The Dollar and Emerging Markets

Key points:

  • The value of the U.S. dollar has climbed since April, and its rise has been one of the biggest drivers of asset performance in 2018. The stronger dollar is both a consequence of, and catalyst for, tighter financial conditions.
  • The impact has been felt most severely within emerging markets (EMs), although escalating trade tensions have played a role in EM performance. As a result, EM assets have cheapened considerably year-to-date. But rising dispersion underscores the need for selectivity, in our view.
  • We now see limited upside for the U.S. dollar and expect currencies to remain stable for the rest of 2018 barring a material escalation of trade risks.
  • We are constructive on EM equities, with a preference for EM Asia. We see cheap EM valuations, strong earnings growth, and investor underpositioning supporting inflows and equity performance for the remainder of 2018.

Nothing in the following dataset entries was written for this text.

lemma splits_pos_weights:
  fixes a b :: "'n::finite \<Rightarrow>\<^sub>0 nat"
  assumes irr: "irreducible (binom a b)" and "a \<noteq> 0" "b \<noteq> 0"
  shows "splits pos_weights a b"
proof -
  have "Poly_Mapping.lookup a l = 0 \<or> Poly_Mapping.lookup b l = 0" for l
    by (rule irreducible_binom_disjoint[OF irr])
  then have "\<exists>w\<in>pos_weights. wdeg w b < wdeg w a" "\<exists>w\<in>pos_weights. wdeg w a < wdeg w b"
    using ex_pos_weight_less[of a b] ex_pos_weight_less[of b a] assms(2,3) by (metis disj_commute)+
  then show ?thesis by (auto simp: splits_def side_def)
qed

lemma wdeg_less_if_le_comp:
  assumes "\<forall>l. 0 < w l" "le_comp \<beta>' \<beta>" "\<beta>' \<noteq> \<beta>"
  shows "wdeg w \<beta>' < (wdeg w \<beta> :: real)"
proof -
  obtain l where l: "Poly_Mapping.lookup \<beta>' l \<noteq> Poly_Mapping.lookup \<beta> l"
    using assms(3) by (meson poly_mapping_eqI)
  have le: "Poly_Mapping.lookup \<beta>' i \<le> Poly_Mapping.lookup \<beta> i" for i
    using assms(2) by (simp add: le_comp_def)
  show ?thesis
    unfolding wdeg_def
  proof (rule sum_strict_mono_ex1)
    show "\<forall>i\<in>UNIV. w i * real (Poly_Mapping.lookup \<beta>' i) \<le> w i * real (Poly_Mapping.lookup \<beta> i)"
      using assms(1) le by (simp add: less_imp_le)
    show "\<exists>i\<in>UNIV. w i * real (Poly_Mapping.lookup \<beta>' i) < w i * real (Poly_Mapping.lookup \<beta> i)"
      using assms(1) le[of l] l by (intro bexI[of _ l]) simp_all
  qed simp
qed

lemma exposed_pos_weights_subset_minimal_monomials:
  "exposed pos_weights (Poly_Mapping.keys p) \<subseteq> minimal_monomials p"
proof
  fix \<beta> assume "\<beta> \<in> exposed pos_weights (Poly_Mapping.keys p)"
  then obtain w where w: "\<forall>l. 0 < w l" "\<beta> \<in> min_face w (Poly_Mapping.keys p)"
    by (auto simp: exposed_def pos_weights_def)
  then show "\<beta> \<in> minimal_monomials p"
    using wdeg_less_if_le_comp[OF w(1)]
    by (fastforce simp: minimal_monomials_def min_face_def in_keys_iff not_less[symmetric])
qed

lemma sum_single_nonzero:
  fixes e :: "'j \<Rightarrow> int" and \<alpha> :: "'j \<Rightarrow> ('n \<Rightarrow>\<^sub>0 nat)"
  assumes "finite J" "J \<noteq> {}" and e: "\<And>j. j \<in> J \<Longrightarrow> e j = 1 \<or> e j = -1"
    and sep: "\<And>j j'. j \<in> J \<Longrightarrow> j' \<in> J \<Longrightarrow> e j \<noteq> e j' \<Longrightarrow> \<alpha> j \<noteq> \<alpha> j'"
  shows "(\<Sum>j\<in>J. Poly_Mapping.single (\<alpha> j) (e j)) \<noteq> 0"
proof -
  obtain j0 where j0: "j0 \<in> J" using assms(2) by blast
  let ?J0 = "{j\<in>J. \<alpha> j = \<alpha> j0}"
  have "Poly_Mapping.lookup (\<Sum>j\<in>J. Poly_Mapping.single (\<alpha> j) (e j)) (\<alpha> j0) = (\<Sum>j\<in>?J0. e j)"
    using assms(1) by (simp add: lookup_sum lookup_single when_def sum.inter_filter)
  also have "\<dots> = (\<Sum>j\<in>?J0. e j0)" using sep j0 by (intro sum.cong) auto
  also have "\<dots> = of_nat (card ?J0) * e j0" by simp
  also have "\<dots> \<noteq> 0" using assms(1) j0 e[OF j0] by auto
  finally show ?thesis by auto
qed
lemma L_expansion_eq_hw_vec:
  "(\<Sum>n1 = 0..n.
      of_real (real (n choose n1) * (-1) ^ n1 * rGamma (2 * j1 + real n1) * rGamma (2 * j2 + real (n - n1)))
      * tens ((chiral_op c1 j1 Lp ^^ n1) (bvec (0, False))) ((chiral_op c2 j2 Lp ^^ (n - n1)) (bvec (0, False))) t)
   - (-1) ^ p * of_nat n *
     (if n = 0 then 0 else
      (\<Sum>m1 = 0..n - 1.
         of_real (real ((n - 1) choose m1) * (-1) ^ m1
           * rGamma (2 * j1 + 1 + real m1) * rGamma (2 * j2 + 1 + real (n - 1 - m1)))
         * tens ((chiral_op c1 j1 Lp ^^ m1) (bvec (0, True)))
                ((chiral_op c2 j2 Lp ^^ (n - 1 - m1)) (bvec (0, True))) t))
   = hw_vec j1 j2 p n t"
proof -
  have odd_range: "(if n = 0 then 0 else (\<Sum>m1 = 0..n - 1. f m1)) = (\<Sum>m1<n. f m1)"
    for f :: "nat \<Rightarrow> complex"
    by (cases n) (simp_all add: atLeast0AtMost lessThan_Suc_atMost)
  have "2 * (j + 1/2) + x = 2 * j + 1 + x" for j x :: real
    by simp
  then show ?thesis
    unfolding hw_vec_expansion Lp_pow_ground tens_bvec odd_range
    by (simp add: sum_distrib_left sum_negf sl2_hw_coeff_def mult.assoc)
qed
(* Let $X$ be a metric space, let $A\subseteq X$ be nonempty and let $Y$ be a hyperconvex metric space. Then for every $f\in\mathcal{N}(A,Y)$, the set $\Phi(f)$ of all $f'\in\mathcal{N}(X,Y)$ with $f'|_A=f$ is externally hyperconvex in $(\mathcal{N}(X,Y),d_\infty)$.
   Context: A metric space $Y$ is hyperconvex if $\bigcap_\alpha B(x_\alpha,r_\alpha)\ne\emptyset$ for every family of points $x_\alpha\in Y$ and $r_\alpha>0$ with $d(x_\alpha,x_\beta)\le r_\alpha+r_\beta$ ($B$ = closed ball). A subset $E$ of a metric space $Z$ is externally hyperconvex (with respect to $Z$) if for any family $\{x_\alpha\}\subseteq Z$ and reals $\{r_\alpha\}$ with $d(x_\alpha,x_\beta)\le r_\alpha+r_\beta$ and $\mathrm{dist}(x_\alpha,E)\le r_\alpha$ for all $\alpha,\beta$, one has $\bigcap_\alpha B(x_\alpha,r_\alpha)\cap E\ne\emptyset$. $\mathcal{N}(X,Y)$ is the set of bounded nonexpansive maps $X\to Y$ with the supremum metric $d_\infty$. *)

theory Defs
  imports "HOL-Analysis.Analysis"
begin

definition nonexp_on :: "'a::metric_space set \<Rightarrow> ('a \<Rightarrow> 'b::metric_space) \<Rightarrow> bool" where
  "nonexp_on A f \<longleftrightarrow> (\<forall>x\<in>A. \<forall>y\<in>A. dist (f x) (f y) \<le> dist x y)"

text \<open>N(A,Y): bounded nonexpansive maps A -> Y (only values on A matter).\<close>
definition bnd_nonexp :: "'a::metric_space set \<Rightarrow> ('a \<Rightarrow> 'b::metric_space) set" where
  "bnd_nonexp A = {f. nonexp_on A f \<and> bounded (f ` A)}"

definition dinf :: "('a \<Rightarrow> 'b::metric_space) \<Rightarrow> ('a \<Rightarrow> 'b) \<Rightarrow> real" where
  "dinf f g = (SUP x. dist (f x) (g x))"

text \<open>Hyperconvexity; a family of (centre, radius) pairs is represented as a set of pairs.\<close>
definition hyperconvex :: "'b::metric_space set \<Rightarrow> bool" where
  "hyperconvex Y \<longleftrightarrow>
     (\<forall>F. F \<subseteq> Y \<times> {r. r > 0} \<longrightarrow>
        (\<forall>(x,r)\<in>F. \<forall>(y,s)\<in>F. dist x y \<le> r + s) \<longrightarrow>
        (\<exists>z\<in>Y. \<forall>(x,r)\<in>F. dist x z \<le> r))"

text \<open>External hyperconvexity of E in the metric space (Z,d); dist(x,E) is the
  infimum in the extended reals (= infinity for empty E).\<close>
definition ext_hyperconvex :: "'c set \<Rightarrow> ('c \<Rightarrow> 'c \<Rightarrow> real) \<Rightarrow> 'c set \<Rightarrow> bool" where
  "ext_hyperconvex Z d E \<longleftrightarrow>
     (\<forall>F. F \<subseteq> Z \<times> (UNIV::real set) \<longrightarrow>
        (\<forall>(x,r)\<in>F. \<forall>(y,s)\<in>F. d x y \<le> r + s) \<longrightarrow>
        (\<forall>(x,r)\<in>F. (INF e\<in>E. ereal (d x e)) \<le> ereal r) \<longrightarrow>
        (\<exists>e\<in>E. \<forall>(x,r)\<in>F. d x e \<le> r))"

end

theory Submission
  imports Defs
begin

text \<open>Since every member of \<open>\<Phi>(f)\<close> agrees
  with \<open>f\<close> on \<open>A\<close>, the condition \<open>dist(g, \<Phi>(f)) \<le> r\<close> forces \<open>d(f a, g a) \<le> r\<close> on \<open>A\<close>.
  We then extend \<open>f\<close> by Zorn's lemma: a maximal nonexpansive partial map extending \<open>f\<close> and
  staying \<open>r\<close>-close to every \<open>g\<close> is total, since a missing point \<open>x\<close> can be sent to any
  common point of the balls \<open>B(h y, d(x, y))\<close> (\<open>y\<close> in the domain) and \<open>B(g x, r)\<close>. These
  balls pairwise meet because \<open>h\<close> and the \<open>g\<close> are nonexpansive and \<open>h\<close> is \<open>r\<close>-close to
  \<open>g\<close>, so hyperconvexity of \<open>Y\<close> supplies the point. The extension is bounded, being close
  to a bounded \<open>g\<close>, and hence lies in \<open>\<Phi>(f)\<close> within distance \<open>r\<close> of each \<open>g\<close>.\<close>

lemma hyperconvex_UNIV_nonneg_radii:
  assumes hc: "hyperconvex (UNIV :: 'b::metric_space set)"
    and nonneg: "\<forall>(x,r)\<in>F. r \<ge> (0::real)"
    and consistent: "\<forall>(x,r)\<in>F. \<forall>(y,s)\<in>F. dist x y \<le> r + s"
  shows "\<exists>z::'b. \<forall>(x,r)\<in>F. dist x z \<le> r"
proof (cases "\<exists>x0. (x0, 0) \<in> F")
  case True
  then obtain x0 where x0: "(x0, 0) \<in> F" by blast
  have "dist x x0 \<le> r" if "(x, r) \<in> F" for x r
    using consistent that x0 by fastforce
  then show ?thesis by blast
next
  case False
  with nonneg have pos: "F \<subseteq> UNIV \<times> {r. r > 0}" by (auto simp: less_le)
  have "\<exists>z\<in>UNIV. \<forall>(x,r)\<in>F. dist x z \<le> r"
    using hc[unfolded hyperconvex_def, THEN spec, of F] pos consistent by blast
  then show ?thesis by blast
qed

text \<open>Partial maps are represented by their graphs, so that chains have unions.\<close>

definition nonexp_graph :: "('a::metric_space \<times> 'b::metric_space) set \<Rightarrow> bool" where
  "nonexp_graph G \<longleftrightarrow> (\<forall>(x,y)\<in>G. \<forall>(x',y')\<in>G. dist y y' \<le> dist x x')"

The U.S. dollar’s rally, underpinned by strong U.S. growth expectations and widening interest rate differentials versus other economies, has key driver of tighter global financial conditions. The dollar is a central transmission channel for financial conditions, as well as an important measure of risk appetite. As such, softer growth expectations outside the United States in the first half of 2018 combined with the Federal Reserve raising interest rates, led to tighter financial conditions and weaker risk appetite. This impacted EM assets in particular, which, along with concerns over trade tensions, led to a selloff and investor repositioning out of the asset class. The rise in short-term U.S. rates beyond the rate of inflation has provides a nascent alternative to risky assets, and in our view has led to a longer drawdown. However, the EM selloff has slowed, the U.S. dollar has stabilized and EM valuations have cheapened, creating potential attractive entry points.

Cross-asset impact

The dollar is the nexus between asset classes. It affects borrowing costs and commodity prices, is a proxy for risk appetite, and influences global capital flows.1However, the dollar’s impact, while global, is unevenly distributed: country fundamentals also matter and are increasing the dispersion of country equity markets. For example, this year, EM countries with large financing needs, such as Turkey and Argentina, saw the greatest jump in borrowing costs and steepest foreign exchange (FX) losses. Countries with strong balance of payments saw their currencies and borrowing costs largely contained.